Хасинта принесла им питья и закусок, и они спорили об относительных достоинствах легкого доступа и уединенности, пока скверное настроение у Ракели почти не прошло.

— Возможно, ты права, мама, — сказала она. — Я поговорю с Даниелем и с бригадиром.

Тут их прервал настойчивый звон колокола у ворот.

— Я открою, — сказала Ракель. — Ибрагим, похоже, снова исчез.

— Ибрагим на рынке, — угрюмо сказала Юдифь. — Надеюсь, он понял, что нужно купить.

Однако все мелкие домашние заботы были забыты за новостью, которую пытался передать мальчик у ворот.

— Мне нужен сеньор Исаак, — сказал он. — Меня послали позвать сеньора Исаака к моему хозяину.

— Какому хозяину? — твердо спросила Ракель. — К кому должен идти сеньор Исаак?

— К сеньору Раймону, — ответил мальчик. — Я ехал быстро, как только мог, но хозяйка сказала, что вам нужно спешить.

— Папа, — позвала Ракель. — Тебя вызывают к сеньору Раймону.

— Слышу, дорогая моя.
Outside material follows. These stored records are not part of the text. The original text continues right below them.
text \<open>The mixed coefficient \<open>K21\<close> enters through the change of \<open>q2\<close> during the first phase,
  since the second phase starts from \<open>q2 h\<close> rather than \<open>q2 0\<close>.\<close>
lemma switched_second_order_bound:
  fixes p q1 q2 :: "real \<Rightarrow> real"
  assumes h: "0 \<le> h"
    and cont: "continuous_on {0..2*h} p" "continuous_on {0..2*h} q1" "continuous_on {0..2*h} q2"
    and p1: "\<And>s. 0 < s \<Longrightarrow> s < h \<Longrightarrow> (p has_real_derivative q1 s) (at s)"
    and p2: "\<And>s. h < s \<Longrightarrow> s < 2*h \<Longrightarrow> (p has_real_derivative q2 s) (at s)"
    and K11: "\<And>s. 0 < s \<Longrightarrow> s < h \<Longrightarrow> \<exists>d. (q1 has_real_derivative d) (at s) \<and> d \<le> K11"
    and K21: "\<And>s. 0 < s \<Longrightarrow> s < h \<Longrightarrow> \<exists>d. (q2 has_real_derivative d) (at s) \<and> d \<le> K21"
    and K22: "\<And>s. h < s \<Longrightarrow> s < 2*h \<Longrightarrow> \<exists>d. (q2 has_real_derivative d) (at s) \<and> d \<le> K22"
  shows "p (2*h) - p 0 \<le> h * (q1 0 + q2 0) + h^2 * (K11/2 + K21 + K22/2)"
proof -
  have sub1: "{0..h} \<subseteq> {0..2*h}" and sub2: "{h..2*h} \<subseteq> {0..2*h}" using h by auto
  have "p h - p 0 \<le> h * q1 0 + K11 * h^2 / 2"
    using DERIV_taylor_upper_bound[OF h continuous_on_subset[OF cont(1) sub1]
        continuous_on_subset[OF cont(2) sub1] p1 K11] by simp
  moreover have "p (2*h) - p h \<le> h * q2 h + K22 * h^2 / 2"
    using DERIV_taylor_upper_bound[of h "2*h", OF _ continuous_on_subset[OF cont(1) sub2]
        continuous_on_subset[OF cont(3) sub2] p2 K22] h by simp
  moreover have "h * q2 h \<le> h * q2 0 + K21 * h^2"
  proof -
    have "q2 h - q2 0 \<le> K21 * h"
      using DERIV_upper_bound_increment[OF h continuous_on_subset[OF cont(3) sub1] K21] by simp
    then show ?thesis
      using mult_left_mono[OF _ h] by (fastforce simp: power2_eq_square algebra_simps)
  qed
  ultimately show ?thesis by (simp add: algebra_simps power2_eq_square)
qed

lemma has_real_derivative_compose_vector:
  assumes f: "(f has_derivative f') (at (x s))" and x: "(x has_vector_derivative v) (at s)"
  shows "((\<lambda>t. f (x t)) has_real_derivative f' v) (at s)"
proof -
  have "((\<lambda>t. f (x t)) has_derivative (\<lambda>h. f' (h *\<^sub>R v))) (at s)"
    using has_derivative_compose[OF x[unfolded has_vector_derivative_def] f] .
  moreover have "(\<lambda>h. f' (h *\<^sub>R v)) = (*) (f' v)"
    using has_derivative_linear[OF f] by (auto simp: linear_scale)
  ultimately show ?thesis by (simp add: has_field_derivative_def)
qed

lemma continuous_upper_bound_on_cball:
  fixes f :: "'a::metric_space \<Rightarrow> real"
  assumes "continuous_on UNIV f" and "0 < e"
  shows "\<exists>r>0. \<forall>z\<in>cball x r. f z \<le> f x + e"
proof -
  obtain d where "0 < d" and d: "\<And>z. dist z x < d \<Longrightarrow> dist (f z) (f x) < e"
    using assms unfolding continuous_on_iff by blast
  have "f z \<le> f x + e" if "z \<in> cball x (d / 2)" for z
  proof -
    have "dist z x < d" using that \<open>0 < d\<close> by (simp add: dist_commute)
    then show ?thesis using d[of z] by (simp add: dist_real_def abs_less_iff)
  qed
  then show ?thesis using \<open>0 < d\<close> by (intro exI[of _ "d / 2"]) auto
qed
(* For every connected graph $G$, $\gamma_{rdR}(G)\ge \gamma(G)+\gamma_r(G)$. Moreover, equality holds if and only if $G$ is a star $K_{1,m}$ for some $m\ge 1$, or $\gamma_{r2}(G)=\gamma_r(G)=\gamma(G)$.
   Context: All graphs are finite and simple. An RDRD function of $G$ is a function $f:V(G)\to\{0,1,2,3\}$ such that every vertex with value $0$ has at least two neighbors with value $2$ or at least one neighbor with value $3$, every vertex with value $1$ has a neighbor with value $2$ or $3$, and the subgraph induced by the vertices with value $0$ has no isolated vertices; $\gamma_{rdR}(G)$ is the minimum of $\sum_v f(v)$ over RDRD functions. $\gamma(G)$ is the domination number. A restrained dominating set is a set $S\subseteq V(G)$ such that every vertex of $V(G)\setminus S$ has a neighbor in $S$ and a neighbor in $V(G)\setminus S$; $\gamma_r(G)$ is its minimum cardinality. A restrained $2$-dominating set is a set $S$ such that every vertex of $V(G)\setminus S$ has at least two neighbors in $S$ and $G[V(G)\setminus S]$ has no isolated vertices; $\gamma_{r2}(G)$ is its minimum cardinality. *)

theory Defs
  imports Main
begin

definition graph :: "'a set \<Rightarrow> 'a set set \<Rightarrow> bool" where
  "graph V E \<longleftrightarrow> finite V \<and> (\<forall>e\<in>E. e \<subseteq> V \<and> card e = 2)"

definition adj :: "'a set set \<Rightarrow> 'a \<Rightarrow> 'a \<Rightarrow> bool" where
  "adj E u v \<longleftrightarrow> {u, v} \<in> E"

definition nbrs :: "'a set \<Rightarrow> 'a set set \<Rightarrow> 'a \<Rightarrow> 'a set" where
  "nbrs V E v = {u \<in> V. adj E v u}"

definition connected_graph :: "'a set \<Rightarrow> 'a set set \<Rightarrow> bool" where
  "connected_graph V E \<longleftrightarrow> graph V E \<and> V \<noteq> {} \<and>
     (\<forall>u\<in>V. \<forall>v\<in>V. (adj E)\<^sup>*\<^sup>* u v)"

definition is_star :: "'a set \<Rightarrow> 'a set set \<Rightarrow> nat \<Rightarrow> bool" where
  "is_star V E m \<longleftrightarrow> (\<exists>c\<in>V. card V = m + 1 \<and> E = {{c, v} | v. v \<in> V - {c}})"

definition dominating_set :: "'a set \<Rightarrow> 'a set set \<Rightarrow> 'a set \<Rightarrow> bool" where
  "dominating_set V E S \<longleftrightarrow> S \<subseteq> V \<and> (\<forall>v\<in>V - S. nbrs V E v \<inter> S \<noteq> {})"

definition domination_number :: "'a set \<Rightarrow> 'a set set \<Rightarrow> nat" where
  "domination_number V E = (LEAST k. \<exists>S. dominating_set V E S \<and> card S = k)"
(* Let $q\ge1$ and consider an instance in $q$-dimensional Euclidean space (demand nodes and FCs are points $p\in\mathbb R^q$, $\ell_{ij}=\|p_i-p_j\|_2$) with $D_i=1$ for all $i$ and $C_j=1$ for all $j$, in which all demand–FC distances are positive, and let $\rho=\max_{i,j}\ell_{ij}/\min_{i,j}\ell_{ij}$. Then there is a regionalized solution using at most $(2+\lceil\sqrt q\rceil)^q(\lfloor\log_2\rho\rfloor+1)$ regions whose total delay is at most $(4\sqrt q+2)$ times the cost of a minimum cost assignment, and hence at most $(4\sqrt q+2)$ times the minimum delay of any regionalized solution.
   Context: An instance consists of finite sets $\mathcal D$ (demand nodes) and $\mathcal F$ (FCs), finite nonnegative travel times $\ell_{ij}$, demands $D_i\ge0$ and capacities $C_j\ge0$ with $\sum_iD_i\le\sum_jC_j$. An assignment is $x\in\mathbb R_{\ge0}^{\mathcal D\times\mathcal F}$ with $\sum_jx_{ij}=D_i$ for all $i$ and $\sum_ix_{ij}\le C_j$ for all $j$; its cost is $\sum_{ij}\ell_{ij}x_{ij}$. An equilibrium solution is a pair $(x,\beta)$ with $x$ an assignment and $\beta\in\mathbb R^{\mathcal F}_{\ge0}$ such that $x_{ij}>0$ only if $j\in\arg\min_{j'}(\ell_{ij'}+\beta_{j'})$, and $\beta_j=0$ whenever $\sum_ix_{ij}<C_j$; its delay is $\sum_iD_i\delta_i$ with $\delta_i=\min_j(\ell_{ij}+\beta_j)$. An $r$-regionalized solution consists of partitions $\mathcal D=\mathcal D_1\sqcup\dots\sqcup\mathcal D_r$, $\mathcal F=\mathcal F_1\sqcup\dots\sqcup\mathcal F_r$ (parts may be empty) with $\sum_{i\in\mathcal D_s}D_i\le\sum_{j\in\mathcal F_s}C_j$ for each $s$, together with an equilibrium solution of each sub-instance $(\mathcal D_s,\mathcal F_s)$; its delay is the sum of the delays of these $r$ equilibrium solutions. *)

theory Defs
  imports "HOL-Analysis.Analysis"
begin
Дай мне немного поговорить с мальчиком.

— Папа, мне поехать с тобой?

— Ты можешь понадобиться, — сказал ее отец, отвел мальчика в сторону и серьезно заговорил с ним.

— Хасинта! — позвала Ракель.

— Иду сеньора, — сказала девочка, сбегая по лестнице из кухни.

— Беги, скажи моему мужу, что сеньор Раймон очень болен, что я должна ехать к нему с папой и, возможно, не вернусь к обеду, — сказала она и побежала в отцовский кабинет помочь собрать корзинку.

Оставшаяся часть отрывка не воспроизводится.